British social services order C-section to take woman’s child; 15 months later she has not been reunited


Fifteen months have passed since social services in Essex ordered the removal of a pre-born child from her mother’s womb via Cesarian section. The woman, an Italian who allegedly suffered a mental breakdown during a business trip to England, called the police during a panic attack. She was taken to a mental facility and held there per the Mental Health Act. A few weeks into her sectioning, she was sedated, and when she woke up, she was no longer pregnant. She was informed that her child had been removed via C-section and placed with social services authorities.

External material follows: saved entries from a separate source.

(* Let $X$ be an infinite discrete space and $G$ a subgroup of $\mathrm S(X)$ with the permutation topology $\tau_\partial$. Let $\mathcal U_X$ be the maximal equiuniformity on $X$, $\mathcal U$ the uniformity on $G$ defined below, and $L\wedge R$ the Roelcke uniformity of $G$. (1) Suppose that for any points $x_1,\dots,x_n\in X$, $n\in\mathbb N$, and any $g,h\in G$ with $h(x_k)\in \mathrm{St}_{x_1,\dots,x_n}\,g(x_k)$ for $k=1,\dots,n$, there exist $f\in\mathrm{St}_{x_1,\dots,x_n}$ and $g'\in g\,\mathrm{St}_{x_1,\dots,x_n}$ with $h=f\circ g'$. Then $L\wedge R=\mathcal U$. (2) If $L\wedge R=\mathcal U$ and $\mathcal U_X$ is totally bounded, then $G$ is Roelcke precompact and the Roelcke compactification of $G$ is the closure of $\imath(G)$ in $(\beta_GX)^X$. (3) Suppose $L\wedge R=\mathcal U$ and $\mathcal U_X$ is totally bounded, and suppose that for every point $x\in\beta_GX\setminus X$ and every entourage $U$ of $\tilde{\mathcal U}_X$ there exist points $x_1,\dots,x_n\in X$ and an entourage $V$ of $\tilde{\mathcal U}_X$ such that for every $g\in G$ $$\{h\in G\mid (g(x_k),h(x_k))\in V,\ k=1,\dots,n\}\subset\{h\in G\mid (g(x),h(x))\in U\}.$$ Then $\mathcal U=\tilde{\mathcal U}$ and the Roelcke compactification of $(G,\tau_\partial)$ is the enveloping Ellis semigroup of the action $G\curvearrowright\beta_GX$, i.e. the closure of $\jmath(G)$ in $(\beta_GX)^{\beta_GX}$.
   Context: $\tau_\partial$: group topology with identity neighbourhood base the pointwise stabilizers $\mathrm{St}_{x_1,\dots,x_n}=\{g\mid g(x_i)=x_i\}$. The maximal equiuniformity $\mathcal U_X$ has as base the partitions $\{\mathrm{St}_{x_1,\dots,x_n}x\mid x\in X\}$ of $X$ into orbits of stabilizers, $x_1,\dots,x_n\in X$. $\beta_GX$ is the completion of $X$ with respect to $\mathcal U_X$ (when totally bounded, the maximal equivariant compactification), $\tilde{\mathcal U}_X$ the extension of $\mathcal U_X$ to $\beta_GX$; each $g\in G$ extends continuously to $\beta_GX$. $\imath:G\to X^X\subset(\beta_GX)^X$, $\imath(g)=(g(x))_{x\in X}$, and $\jmath:G\to(\beta_GX)^{\beta_GX}$, $\jmath(g)=(g(x))_{x\in\beta_GX}$. $\mathcal U$ is the restriction to $\imath(G)=G$ of the product uniformity on $X^X$ of copies of $\mathcal U_X$ (base: coverings $\{\{h\mid (g(x_k),h(x_k))\in\mathrm U,\ k\le n\}\mid g\in G\}$); $\tilde{\mathcal U}$ is the restriction to $\jmath(G)=G$ of the product uniformity on $(\beta_GX)^{\beta_GX}$ of copies of $\tilde{\mathcal U}_X$. The Roelcke uniformity $L\wedge R$ is the greatest lower bound of the left and right uniformities; $G$ is Roelcke precompact if it is totally bounded, and then the Roelcke compactification is the completion of $G$ with respect to $L\wedge R$. *)

theory Defs
  imports Main "HOL-Library.FuncSet"
begin
(* Let $\gamma<1$ and suppose that $$\lim_{x\uparrow\infty}\frac{u_0'(x)}{x^{\gamma-1}}=1.$$ Then, for each $t_0\ge 0$, $$\lim_{x\uparrow\infty}\frac{r(x,t_0)}{x}=\frac{1}{1-\gamma}.$$
   Context: Let $\mu$ be a nonzero finite positive Borel measure on $(0,\infty)$ such that $\int y e^{yz}\mu(dy)<\infty$ for every $z\in\mathbb{R}$. Define $h(z,t):=\int e^{yz-\frac12 y^2 t}\mu(dy)$ for $(z,t)\in\mathbb{R}\times[0,\infty)$. For each $t$, the map $z\mapsto h(z,t)$ is smooth and strictly increasing with range $(0,\infty)$. Let $h^{(-1)}(x,t)$ denote its inverse in $z$. Let $u:(0,\infty)\times[0,\infty)\to\mathbb{R}$ be smooth, strictly increasing and strictly concave in $x$, solving $u_t=\frac12 u_x^2/u_{xx}$, and related to $h$ by $u_x(h(z,t),t)=e^{-z+t/2}$ for all $(z,t)$. Write $u_0(x):=u(x,0)$. The risk tolerance function is $r(x,t):=-u_x(x,t)/u_{xx}(x,t)$. Equivalently, $r(x,t)=h_z(h^{(-1)}(x,t),t)$. *)

theory Defs
  imports "HOL-Probability.Probability"
begin

definition hfun :: "real measure \<Rightarrow> real \<Rightarrow> real \<Rightarrow> real" where
  "hfun \<mu> z t = (\<integral>y. exp (y * z - y\<^sup>2 * t / 2) \<partial>\<mu>)"

definition strictly_concave_on :: "real set \<Rightarrow> (real \<Rightarrow> real) \<Rightarrow> bool" where
  "strictly_concave_on S f \<longleftrightarrow>
     (\<forall>x\<in>S. \<forall>y\<in>S. x \<noteq> y \<longrightarrow> (\<forall>a::real. 0 < a \<and> a < 1 \<longrightarrow>
        f (a * x + (1 - a) * y) > a * f x + (1 - a) * f y))"

end

theory Submission
  imports Defs "HOL-Real_Asymp.Real_Asymp"
begin

text \<open>Differentiating \<open>u\<^sub>x (h (z, t), t) = exp (t/2 - z)\<close> in \<open>z\<close> gives \<open>r (h (z, t), t) = h\<^sub>z (z, t)\<close>,
  so along \<open>x = h (z, t)\<close> the ratio \<open>r / x\<close> is \<open>h\<^sub>z / h\<close>, the mean of \<open>y\<close> under the
  probability weights proportional to \<open>exp (y z - y\<^sup>2 t / 2) \<mu>(dy)\<close>. As \<open>z \<rightarrow> \<infinity>\<close> these weights
  concentrate at the top of the support of \<open>\<mu>\<close> whenever that top is an atom. The hypothesis on
  \<open>u\<^sub>0\<close> says \<open>h (z, 0) \<sim> exp (c z)\<close> with \<open>c = 1 / (1 - \<gamma>)\<close>, i.e. \<open>\<integral> exp ((y - c) z) \<mu>(dy) \<rightarrow> 1\<close>;
  any mass above \<open>c\<close> would make this integral blow up, and dominated convergence then identifies
  the limit as \<open>\<mu>{c}\<close>. So \<open>\<mu>\<close> lives on \<open>(0, c]\<close> with an atom at \<open>c\<close>, and \<open>r / x \<rightarrow> c\<close> for every \<open>t\<close>.\<close>

lemma abs_exp_diff_le:
  fixes p q :: real
  shows "\<bar>exp p - exp q\<bar> \<le> \<bar>p - q\<bar> * exp (max p q)"
proof -
  have key: "exp b - exp a \<le> (b - a) * exp b" if "a \<le> b" for a b :: real
  proof -
    have "1 - exp (a - b) \<le> b - a"
      using exp_ge_add_one_self[of "a - b"] by linarith
    then have "exp b * (1 - exp (a - b)) \<le> exp b * (b - a)"
      by (intro mult_left_mono) auto
    then show ?thesis
      by (simp add: algebra_simps exp_diff)
  qed
  show ?thesis
    using key[of q p] key[of p q] by (cases "q \<le> p") (auto simp: max_def abs_minus_commute)
qed
lemma opposite_geods_imp_mem_geods:
  assumes "u \<in> Xbar" "v \<in> Xbar" "opposite_geods x u v gu gv"
  shows "\<exists>S\<in>geods u v. x \<in> S"
proof (cases u; cases v)
  fix p q
  assume "u = Fin p" "v = Fin q"
  then show ?thesis
    using opposite_geods_join_seg assms(3) by blast
next
  fix p D
  assume "u = Fin p" "v = Ideal D"
  then show ?thesis
    using opposite_geods_join_ray assms(2,3) by blast
next
  fix C q
  assume "u = Ideal C" "v = Fin q"
  with assms(3) have "opposite_geods x (Fin q) (Ideal C) gv gu"
    using opposite_geods_commute by blast
  from opposite_geods_join_ray[OF this] show ?thesis
    using assms(1) \<open>u = Ideal C\<close> \<open>v = Fin q\<close> by simp
next
  fix C D
  assume "u = Ideal C" "v = Ideal D"
  then show ?thesis
    using opposite_geods_join_line assms by blast
qed

section \<open>Shadows\<close>

lemma cat0_Shadow_subset:
  fixes g' g'' :: "real \<Rightarrow> 'a::metric_space"
  assumes cat: "CAT0 TYPE('a)" and "z' \<in> Xbar" "z'' \<in> Xbar"
    and z': "z' \<noteq> Fin x" and z'': "z'' \<noteq> Fin x"
    and g': "geod_towards x z' g'" and g'': "geod_towards x z'' g''"
    and angle: "alex_angle x (g', germ_len x z') (g'', germ_len x z'') = 0"
  shows "Shadow z' x \<subseteq> Shadow z'' x"
proof
  fix w
  assume "w \<in> Shadow z' x"
  then obtain S where "w \<in> Xbar" "S \<in> geods z' w" "x \<in> S"
    unfolding Shadow_def by blast
  then obtain gu h where opp: "opposite_geods x z' w gu h"
    using mem_geods_imp_opposite_geods \<open>z' \<in> Xbar\<close> by blast
  have "gu s = g' s" if "s \<in> geod_dom x z'" for s
    using cat0_geod_towards_unique[OF cat \<open>z' \<in> Xbar\<close> _ g' that] opp
    unfolding opposite_geods_def by blast
  with opp g' have "opposite_geods x z' w g' h"
    unfolding opposite_geods_def by simp
  then have "opposite_geods x z'' w g'' h"
    by (rule cat0_opposite_geods_transfer[OF cat _ g'' z' z'' angle])
  then obtain S' where "S' \<in> geods z'' w" "x \<in> S'"
    using opposite_geods_imp_mem_geods \<open>z'' \<in> Xbar\<close> \<open>w \<in> Xbar\<close> by blast
  with \<open>w \<in> Xbar\<close> show "w \<in> Shadow z'' x"
    unfolding Shadow_def by blast
qed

The woman still has not been given custody of her child, and when she returned to England (from Italy) in February to appeal to a judge for her daughter, the judge ruled that, due to the possibility of a relapse, the girl should be placed with an adoptive family instead. Italian authorities have asked why the British courts did not even contact the Italian woman’s next of kin or place the child in the custody of Italian social services, since the mother is a habitual resident of Italy, not England. The case is ongoing, and no final decisions have been reached.

According to the British Daily Telegraph:

The cause has also been raised before a judge in the High Court in Rome, which has questioned why British care proceedings had been applied to the child of an Italian citizen “habitually resident” in Italy. The Italian judge accepted, though, that the British courts had jurisdiction over the woman, who was deemed to have had no “capacity” to instruct lawyers.

Lawyers for the woman are demanding to know why Essex social services appear not have contacted next of kin in Italy to consult them on the case.

They are also upset that social workers insisted on placing the child in care in Britain, when there had been an offer from a family friend in America to look after her.

British authorities have not commented due to the ongoing nature of the investigation, but the reasons why no closure has come to the case fifteen months later are unclear.